A practical workflow for serious MCMC use
If you are using MCMC on a real model rather than a classroom example, a disciplined workflow matters more than any single algorithmic trick.
- Write the model in terms of an explicit log posterior or log joint density.
- Understand the geometry you expect before sampling: constraints, funnels, correlations, multimodality, weak identification.
- Reparameterize aggressively when the geometry is poor. Centered versus non-centered parameterizations are a canonical example.
- Run multiple chains from different starting points.
- Inspect trace plots, ESS, , and sampler-specific warnings together rather than in isolation.
- Use posterior predictive checks and prior sensitivity analysis so that computational convergence is not mistaken for scientific adequacy.
This sequence keeps computational checks and model checks tied together.
What MCMC is, and what it is not
MCMC is not optimization.
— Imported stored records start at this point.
lemma clsO_eq_if_clsT_eq: "clsT h a = clsT h b \<Longrightarrow> clsO h a = clsO h b"
  unfolding eqT_iff_clsT[symmetric] eqO_iff_clsO[symmetric] eqT_def eqO_def
  by (erule cong_mono) auto

lemma clsO_eq_if_eqT: "eqT h a b \<Longrightarrow> clsO h a = clsO h b"
  unfolding eqT_iff_clsT by (rule clsO_eq_if_clsT_eq)

text \<open>All coefficients occurring in the relations are sums of products of \<open>h/2\<close>; expressed
  through \<open>half h\<close> they are collected by the ring normaliser.\<close>

definition half :: "real \<Rightarrow> 'a::presentation presented" where
  "half h = scalar (h / 2)"

lemma scalar_eq_half:
  "scalar h = half h + half h" "scalar (- h) = - (half h + half h)"
  "scalar (- (h / 2)) = - half h" "scalar (h / 2) = half h"
  unfolding half_def scalar_add scalar_uminus by simp_all

lemma gen_mult_half [simp]:
  "cls h' (G g) * half h = half h * cls h' (G g)"
  "cls h' (G g) * (half h * z) = half h * (cls h' (G g) * z)"
  unfolding half_def by (metis scalar_commute mult.assoc)+

lemma cls_rho: "cls h (rho h) =
  cls h t1 * cls h e2 - cls h t2 * cls h e1 - half h * (cls h t2 * cls h e2) + cls h xx * cls h et"
  by (simp add: rho_def scalar_eq_half[of h] algebra_simps)

lemma relA_cls: "\<forall>(a, b) \<in> relA h. cls h a = cls h b"
  using cls_relation by blast

lemma relB_cls: "\<forall>(a, b) \<in> relB h. cls h a = cls h b"
  using cls_relation by blast

lemma relW_cls: "\<forall>(a, b) \<in> relW h. clsO h a = clsO h b"
  by (auto simp: cls_eq_iff relations_forms_def intro: cong.rel)
(* Let $a,b\in(0,1]$ and let $f:[0,1]\to[0,1]$ be $$f(x)=\begin{cases} x(1+a-ax), & 0\le x\le \tfrac12,\\ x(1-b+bx), & \tfrac12<x\le 1.\end{cases}$$ Let $x_0\in[0,1]\setminus\{\tfrac12\}$ and $x_i=f^i(x_0)$, and suppose the orbit $(x_i)_{i\ge0}$ avoids $\tfrac12$ (so that $f'(x_i)$ exists for all $i$). Then the Lyapunov exponent $$\lambda(x_0)=\lim_{n\to\infty}\frac1n\sum_{i=0}^{n-1}\ln|f'(x_i)|,$$ whenever this limit exists, is non-negative.
   Context: $f^i$ denotes the $i$-fold composition of $f$; $f$ is not differentiable at $\tfrac12$. *)

theory Defs
  imports "HOL-Analysis.Analysis"
begin

text \<open>It is written on all of the real line by the same two
formulas (first branch for x <= 1/2, second branch for x > 1/2); only its values on
[0,1] matter, and the derivative at the endpoints 0 and 1 coincides with the
one-sided derivative of the map on [0,1].\<close>
definition fmap :: "real \<Rightarrow> real \<Rightarrow> real \<Rightarrow> real" where
  "fmap a b x = (if x \<le> 1/2 then x * (1 + a - a * x) else x * (1 - b + b * x))"

end

theory Submission
  imports Defs
begin

text \<open>Off the break point each branch of f is a quadratic with derivative
1 + a (1 - 2x) on the left and 1 + b (2x - 1) on the right, so |f'| \<ge> 1 at every
real x \<noteq> 1/2. Hence every term ln |f'(x_i)| of the Birkhoff sums is non-negative,
and so is any limit of their averages.\<close>

lemma fmap_has_real_derivative_left:
  fixes a b x :: real
  assumes "x < 1/2"
  shows "(fmap a b has_real_derivative 1 + a - 2 * a * x) (at x)"
proof -
  have "((\<lambda>y. y * (1 + a - a * y)) has_real_derivative 1 + a - 2 * a * x) (at x)"
    by (auto intro!: derivative_eq_intros simp: algebra_simps)
  then show ?thesis
    by (rule has_field_derivative_transform_within_open[of _ _ _ "{..<1/2}"])
       (use assms in \<open>auto simp: fmap_def\<close>)
qed

lemma fmap_has_real_derivative_right:
  fixes a b x :: real
  assumes "1/2 < x"
  shows "(fmap a b has_real_derivative 1 - b + 2 * b * x) (at x)"
proof -
  have "((\<lambda>y. y * (1 - b + b * y)) has_real_derivative 1 - b + 2 * b * x) (at x)"
    by (auto intro!: derivative_eq_intros simp: algebra_simps)
  then show ?thesis
    by (rule has_field_derivative_transform_within_open[of _ _ _ "{1/2<..}"])
       (use assms in \<open>auto simp: fmap_def\<close>)
qed

lemma one_le_abs_deriv_fmap:
  fixes a b x :: real
  assumes "0 \<le> a" "0 \<le> b" "x \<noteq> 1/2"
  shows "1 \<le> \<bar>deriv (fmap a b) x\<bar>"
proof (cases "x < 1/2")
  case True
  have "deriv (fmap a b) x = 1 + a * (1 - 2 * x)"
    using DERIV_imp_deriv[OF fmap_has_real_derivative_left[OF True]]
    by (simp add: algebra_simps)
  moreover have "0 \<le> a * (1 - 2 * x)" using True assms by simp
  ultimately show ?thesis by simp
next
  case False
  with assms have "1/2 < x" by simp
  then have "deriv (fmap a b) x = 1 + b * (2 * x - 1)"
    using DERIV_imp_deriv[OF fmap_has_real_derivative_right]
    by (simp add: algebra_simps)
  moreover have "0 \<le> b * (2 * x - 1)" using \<open>1/2 < x\<close> assms by simp
  ultimately show ?thesis by simp
qed

theorem proposition4p1:
  fixes a b x0 L :: real
  assumes "0 < a" "a \<le> 1" "0 < b" "b \<le> 1"
    and "0 \<le> x0" "x0 \<le> 1"
    and "\<forall>i. (fmap a b ^^ i) x0 \<noteq> 1/2"
    and "(\<lambda>n. (\<Sum>i<n. ln \<bar>deriv (fmap a b) ((fmap a b ^^ i) x0)\<bar>) / real n) \<longlonglongrightarrow> L"
  shows "L \<ge> 0"
proof -
  have "0 \<le> ln \<bar>deriv (fmap a b) ((fmap a b ^^ i) x0)\<bar>" for i
    using one_le_abs_deriv_fmap[of a b "(fmap a b ^^ i) x0"] assms(1,3,7) by simp
  then have "0 \<le> (\<Sum>i<n. ln \<bar>deriv (fmap a b) ((fmap a b ^^ i) x0)\<bar>) / real n" for n
    by (intro divide_nonneg_nonneg sum_nonneg) auto
  then show ?thesis
    using LIMSEQ_le_const[OF assms(8)] by blast
qed

end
The chain does not search for the single best point; it estimates an entire distribution.
MCMC is not exact in finite time. It is an asymptotic method whose practical success depends on mixing, tuning, and diagnostics.
MCMC is not primarily about random numbers. It is about building a transition rule whose long-run occupancy pattern matches the target distribution.
MCMC is also not uniquely Bayesian. The same machinery appears anywhere a difficult distribution must be explored by simulation. Bayesian inference simply gave it one of its most powerful and consequential homes.
The right mental model
If you remember only one thing, remember this:
MCMC is posterior integration by controlled stochastic movement.
The posterior defines a landscape. The transition kernel defines how you move across that landscape. Diagnostics tell you whether the movement is actually revealing the landscape or merely scribbling on one corner of it.
Once that mental model is clear, the major algorithms line up naturally:
- Metropolis-Hastings says: propose, score, accept or reject.
- Gibbs says: move by exact conditional draws.
- HMC says: use gradients and momentum to travel far without random-walk diffusion.
- NUTS says: choose trajectory length adaptively so the travel is efficient in practice.
The interactive Metropolis lab above is deliberately simple, but it makes the main point visible: sampling quality is about geometry, not just formulas.
Conclusion
MCMC replaces difficult integrals with a stochastic process whose stationary distribution is the target posterior. A chain is not useful just because it is valid on paper. It has to explore the posterior you care about on a timescale you can afford, and you have to verify that it did.
If you can read the density canvas, the trace plot, the empirical marginal, and the acceptance rule as different views of the same computation, the method becomes much easier to reason about. At that point MCMC stops feeling opaque and starts looking like what it is: a practical way to turn probability geometry into numerical answers.